▶ [About this task] Return, word for word, the line containing "then obtain s" and every line after it through the last line of the records below.

▶ [Material for this exercise]
--

lemma stacked_ball_clique_mem:
  "stacked_ball B \<Longrightarrow> card K = 4 \<Longrightarrow> \<forall>x\<in>K. \<forall>y\<in>K. x \<noteq> y \<longrightarrow> (\<exists>s\<in>B. {x,y} \<subseteq> s) \<Longrightarrow> K \<in> B"
proof (induction arbitrary: K rule: stacked_ball.induct)
  case (single s)
  have sub: "K \<subseteq> s"
  proof
    fix x assume x: "x \<in> K"
    have "card (K - {x}) = 3" using single(2) x by simp
    then have "K - {x} \<noteq> {}" by (metis card.empty zero_neq_numeral)
    then obtain y where "y \<in> K" "y \<noteq> x" by blast
    then show "x \<in> s" using single(3) x by auto
  qed
  have "finite s" using single(1) by (intro card_ge_0_finite) simp
  then have "K = s" using card_subset_eq[OF _ sub] single(1,2) by simp
  then show ?case by simp
next
  case (glue B t v)
  note nd = glue_nondegenerate[OF glue(2,3)]
  show ?case
  proof (cases "v \<in> K")
    case True
    have sub: "K \<subseteq> insert v t"
    proof
      fix y assume y: "y \<in> K"
      show "y \<in> insert v t"
      proof (cases "y = v")
        case False
        then obtain s where "s \<in> insert (insert v t) B" "{v,y} \<subseteq> s"
          using glue.prems(2)[rule_format, OF True y] by blast
        then show ?thesis using glue(3) by auto
      qed simp
    qed
    have "card (insert v t) = 4" "finite (insert v t)" using nd by auto
    then have "K = insert v t" using card_subset_eq[OF _ sub] glue.prems(1) by simp
    then show ?thesis by simp
  next
    case False
    obtain s0 where s0: "s0 \<in> B" "t \<subseteq> s0" using boundary_tri_in_tet[OF glue(2)] by blast
    have "\<forall>x\<in>K. \<forall>y\<in>K. x \<noteq> y \<longrightarrow> (\<exists>s\<in>B. {x,y} \<subseteq> s)"
    proof (intro ballI impI)
      fix x y assume xy: "x \<in> K" "y \<in> K" "x \<noteq> y"
      obtain s where s: "s \<in> insert (insert v t) B" "{x,y} \<subseteq> s"
        using glue.prems(2)[rule_format, OF xy] by blast
      show "\<exists>s\<in>B. {x,y} \<subseteq> s"
      proof (cases "s \<in> B")
        case False
        then have "{x,y} \<subseteq> t" using s xy \<open>v \<notin> K\<close> by auto
        then show ?thesis using s0 by blast
      qed (use s in blast)
    qed
    then show ?thesis using glue.IH[OF glue.prems(1)] by blast
  qed
qed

--

▶ [Completed task]
        then obtain s where "s \<in> insert (insert v t) B" "{v,y} \<subseteq> s"
          using glue.prems(2)[rule_format, OF True y] by blast
        then show ?thesis using glue(3) by auto
      qed simp
    qed
    have "card (insert v t) = 4" "finite (insert v t)" using nd by auto
    then have "K = insert v t" using card_subset_eq[OF _ sub] glue.prems(1) by simp
    then show ?thesis by simp
  next
    case False
    obtain s0 where s0: "s0 \<in> B" "t \<subseteq> s0" using boundary_tri_in_tet[OF glue(2)] by blast
    have "\<forall>x\<in>K. \<forall>y\<in>K. x \<noteq> y \<longrightarrow> (\<exists>s\<in>B. {x,y} \<subseteq> s)"
    proof (intro ballI impI)
      fix x y assume xy: "x \<in> K" "y \<in> K" "x \<noteq> y"
      obtain s where s: "s \<in> insert (insert v t) B" "{x,y} \<subseteq> s"
        using glue.prems(2)[rule_format, OF xy] by blast
      show "\<exists>s\<in>B. {x,y} \<subseteq> s"
      proof (cases "s \<in> B")
        case False
        then have "{x,y} \<subseteq> t" using s xy \<open>v \<notin> K\<close> by auto
        then show ?thesis using s0 by blast
      qed (use s in blast)
    qed
    then show ?thesis using glue.IH[OF glue.prems(1)] by blast
  qed
qed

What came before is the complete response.